Stored items:
*** Begin section ***

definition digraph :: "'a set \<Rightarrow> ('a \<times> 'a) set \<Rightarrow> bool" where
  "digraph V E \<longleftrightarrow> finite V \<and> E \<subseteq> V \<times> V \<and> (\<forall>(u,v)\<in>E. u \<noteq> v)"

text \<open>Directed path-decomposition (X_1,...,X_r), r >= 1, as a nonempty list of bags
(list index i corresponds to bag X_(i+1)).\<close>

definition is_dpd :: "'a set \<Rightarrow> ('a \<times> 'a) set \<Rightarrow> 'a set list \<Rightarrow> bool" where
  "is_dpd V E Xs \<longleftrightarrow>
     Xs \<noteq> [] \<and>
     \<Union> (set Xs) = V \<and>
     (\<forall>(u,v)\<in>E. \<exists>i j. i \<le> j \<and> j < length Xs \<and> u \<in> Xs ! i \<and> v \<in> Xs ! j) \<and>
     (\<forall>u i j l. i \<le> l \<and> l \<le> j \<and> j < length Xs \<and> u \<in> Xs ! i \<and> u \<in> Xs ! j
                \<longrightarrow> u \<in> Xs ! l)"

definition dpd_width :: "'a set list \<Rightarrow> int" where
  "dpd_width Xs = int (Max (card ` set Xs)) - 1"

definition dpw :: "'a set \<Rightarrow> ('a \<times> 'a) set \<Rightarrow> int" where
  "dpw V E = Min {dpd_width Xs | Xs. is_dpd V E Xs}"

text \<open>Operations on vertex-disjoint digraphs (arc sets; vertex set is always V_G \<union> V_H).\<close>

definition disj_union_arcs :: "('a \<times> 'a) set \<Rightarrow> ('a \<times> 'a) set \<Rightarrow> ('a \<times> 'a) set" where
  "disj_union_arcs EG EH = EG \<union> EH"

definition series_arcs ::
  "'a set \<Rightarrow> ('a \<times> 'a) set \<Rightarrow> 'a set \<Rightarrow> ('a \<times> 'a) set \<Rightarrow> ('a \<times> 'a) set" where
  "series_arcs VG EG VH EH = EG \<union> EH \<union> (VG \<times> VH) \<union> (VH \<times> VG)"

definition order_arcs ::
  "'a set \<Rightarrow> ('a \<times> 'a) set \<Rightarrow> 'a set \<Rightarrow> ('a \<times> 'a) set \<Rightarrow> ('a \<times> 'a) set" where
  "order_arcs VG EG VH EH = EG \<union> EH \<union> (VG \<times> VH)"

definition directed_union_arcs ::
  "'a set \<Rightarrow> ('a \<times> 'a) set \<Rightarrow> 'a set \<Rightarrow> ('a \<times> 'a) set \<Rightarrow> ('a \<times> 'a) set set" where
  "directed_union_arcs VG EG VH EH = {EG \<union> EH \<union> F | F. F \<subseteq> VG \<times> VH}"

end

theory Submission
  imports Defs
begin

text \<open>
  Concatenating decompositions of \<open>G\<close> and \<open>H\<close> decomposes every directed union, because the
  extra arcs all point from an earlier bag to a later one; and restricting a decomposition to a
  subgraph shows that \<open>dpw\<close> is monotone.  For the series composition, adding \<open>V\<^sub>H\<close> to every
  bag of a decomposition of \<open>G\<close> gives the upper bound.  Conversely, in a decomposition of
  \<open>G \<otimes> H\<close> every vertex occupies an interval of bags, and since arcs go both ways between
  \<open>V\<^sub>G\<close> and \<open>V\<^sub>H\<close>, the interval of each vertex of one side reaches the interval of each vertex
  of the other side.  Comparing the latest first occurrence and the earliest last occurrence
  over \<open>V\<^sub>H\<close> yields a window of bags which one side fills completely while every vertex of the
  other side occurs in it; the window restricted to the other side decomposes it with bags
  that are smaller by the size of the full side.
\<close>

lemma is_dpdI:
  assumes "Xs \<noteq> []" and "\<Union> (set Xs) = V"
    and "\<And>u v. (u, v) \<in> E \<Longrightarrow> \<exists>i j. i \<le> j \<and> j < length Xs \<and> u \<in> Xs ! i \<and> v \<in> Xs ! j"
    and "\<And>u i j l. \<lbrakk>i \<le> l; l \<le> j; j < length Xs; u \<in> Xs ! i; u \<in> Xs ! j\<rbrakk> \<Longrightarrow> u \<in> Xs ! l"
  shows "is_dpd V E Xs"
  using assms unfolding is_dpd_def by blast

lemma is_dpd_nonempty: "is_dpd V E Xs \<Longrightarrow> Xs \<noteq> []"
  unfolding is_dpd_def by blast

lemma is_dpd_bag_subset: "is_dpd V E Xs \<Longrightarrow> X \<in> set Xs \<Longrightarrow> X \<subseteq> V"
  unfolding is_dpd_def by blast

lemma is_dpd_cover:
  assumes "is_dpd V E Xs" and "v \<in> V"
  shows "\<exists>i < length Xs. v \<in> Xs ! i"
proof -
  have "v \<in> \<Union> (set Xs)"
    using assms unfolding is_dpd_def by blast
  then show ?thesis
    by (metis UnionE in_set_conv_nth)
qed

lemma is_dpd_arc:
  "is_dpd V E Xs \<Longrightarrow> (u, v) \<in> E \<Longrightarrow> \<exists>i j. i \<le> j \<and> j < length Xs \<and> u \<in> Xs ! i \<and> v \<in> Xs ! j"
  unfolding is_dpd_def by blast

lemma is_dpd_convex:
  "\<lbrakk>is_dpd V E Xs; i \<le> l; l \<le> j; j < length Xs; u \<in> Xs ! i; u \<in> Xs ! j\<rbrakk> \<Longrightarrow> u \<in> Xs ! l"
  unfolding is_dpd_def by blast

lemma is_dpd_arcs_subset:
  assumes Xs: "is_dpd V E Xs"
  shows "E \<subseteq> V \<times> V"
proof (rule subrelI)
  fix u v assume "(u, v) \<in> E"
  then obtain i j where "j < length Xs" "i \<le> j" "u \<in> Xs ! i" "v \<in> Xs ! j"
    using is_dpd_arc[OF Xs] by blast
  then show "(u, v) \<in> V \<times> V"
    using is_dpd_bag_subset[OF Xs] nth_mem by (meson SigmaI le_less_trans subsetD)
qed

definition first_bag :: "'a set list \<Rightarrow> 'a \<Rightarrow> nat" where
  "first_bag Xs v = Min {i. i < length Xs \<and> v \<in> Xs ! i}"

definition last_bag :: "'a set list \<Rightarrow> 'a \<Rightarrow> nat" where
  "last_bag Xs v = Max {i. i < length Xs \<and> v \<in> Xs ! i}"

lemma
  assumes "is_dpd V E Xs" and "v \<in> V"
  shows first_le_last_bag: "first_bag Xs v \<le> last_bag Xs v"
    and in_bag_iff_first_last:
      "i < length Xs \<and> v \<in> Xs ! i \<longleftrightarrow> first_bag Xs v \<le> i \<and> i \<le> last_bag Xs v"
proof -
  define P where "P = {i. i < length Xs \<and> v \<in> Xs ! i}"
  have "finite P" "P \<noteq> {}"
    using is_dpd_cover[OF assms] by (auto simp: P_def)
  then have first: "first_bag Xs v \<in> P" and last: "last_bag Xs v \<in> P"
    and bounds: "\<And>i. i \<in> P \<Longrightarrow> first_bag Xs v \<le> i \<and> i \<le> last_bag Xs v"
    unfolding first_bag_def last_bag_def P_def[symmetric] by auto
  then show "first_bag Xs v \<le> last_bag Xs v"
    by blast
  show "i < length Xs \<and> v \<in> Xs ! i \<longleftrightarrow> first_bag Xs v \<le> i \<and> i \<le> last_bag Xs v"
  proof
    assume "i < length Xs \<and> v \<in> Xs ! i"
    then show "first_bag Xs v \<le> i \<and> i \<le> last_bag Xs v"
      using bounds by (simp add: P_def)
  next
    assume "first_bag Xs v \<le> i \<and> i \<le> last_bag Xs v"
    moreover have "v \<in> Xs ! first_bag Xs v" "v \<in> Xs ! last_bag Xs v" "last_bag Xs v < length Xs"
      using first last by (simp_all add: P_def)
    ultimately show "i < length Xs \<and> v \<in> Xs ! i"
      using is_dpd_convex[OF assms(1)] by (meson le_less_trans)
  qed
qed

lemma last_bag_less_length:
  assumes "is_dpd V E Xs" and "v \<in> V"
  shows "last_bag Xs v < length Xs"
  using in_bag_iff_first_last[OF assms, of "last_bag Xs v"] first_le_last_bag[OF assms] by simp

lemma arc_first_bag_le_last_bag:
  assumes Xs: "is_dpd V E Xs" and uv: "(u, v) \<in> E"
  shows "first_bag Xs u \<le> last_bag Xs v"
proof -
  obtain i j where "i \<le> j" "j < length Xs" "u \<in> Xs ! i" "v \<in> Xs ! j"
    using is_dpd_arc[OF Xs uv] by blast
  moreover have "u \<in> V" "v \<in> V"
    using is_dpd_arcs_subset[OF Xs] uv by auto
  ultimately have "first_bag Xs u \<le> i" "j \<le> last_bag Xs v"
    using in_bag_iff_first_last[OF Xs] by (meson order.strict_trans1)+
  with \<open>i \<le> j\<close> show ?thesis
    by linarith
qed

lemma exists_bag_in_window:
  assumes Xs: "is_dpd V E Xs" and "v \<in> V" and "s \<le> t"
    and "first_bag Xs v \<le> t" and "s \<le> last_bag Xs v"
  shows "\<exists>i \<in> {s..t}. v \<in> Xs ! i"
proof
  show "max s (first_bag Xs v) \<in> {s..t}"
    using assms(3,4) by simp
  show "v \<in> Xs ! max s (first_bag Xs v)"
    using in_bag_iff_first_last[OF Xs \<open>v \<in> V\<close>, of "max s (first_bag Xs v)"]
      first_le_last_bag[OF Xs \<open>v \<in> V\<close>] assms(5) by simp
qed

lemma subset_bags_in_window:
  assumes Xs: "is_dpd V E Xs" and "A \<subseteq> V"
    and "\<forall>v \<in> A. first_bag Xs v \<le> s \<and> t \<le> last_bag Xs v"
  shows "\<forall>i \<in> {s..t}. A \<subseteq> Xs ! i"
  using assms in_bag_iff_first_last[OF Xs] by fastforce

*** End section ***

PROBLEM STATEMENT
Working through the records, copy each line in which the word "lemma" appears.

RESULT OF THIS TASK
lemma is_dpdI:
lemma is_dpd_nonempty: "is_dpd V E Xs \<Longrightarrow> Xs \<noteq> []"
lemma is_dpd_bag_subset: "is_dpd V E Xs \<Longrightarrow> X \<in> set Xs \<Longrightarrow> X \<subseteq> V"
lemma is_dpd_cover:
lemma is_dpd_arc:
lemma is_dpd_convex:
lemma is_dpd_arcs_subset:
lemma
lemma last_bag_less_length:
lemma arc_first_bag_le_last_bag:
lemma exists_bag_in_window:
lemma subset_bags_in_window:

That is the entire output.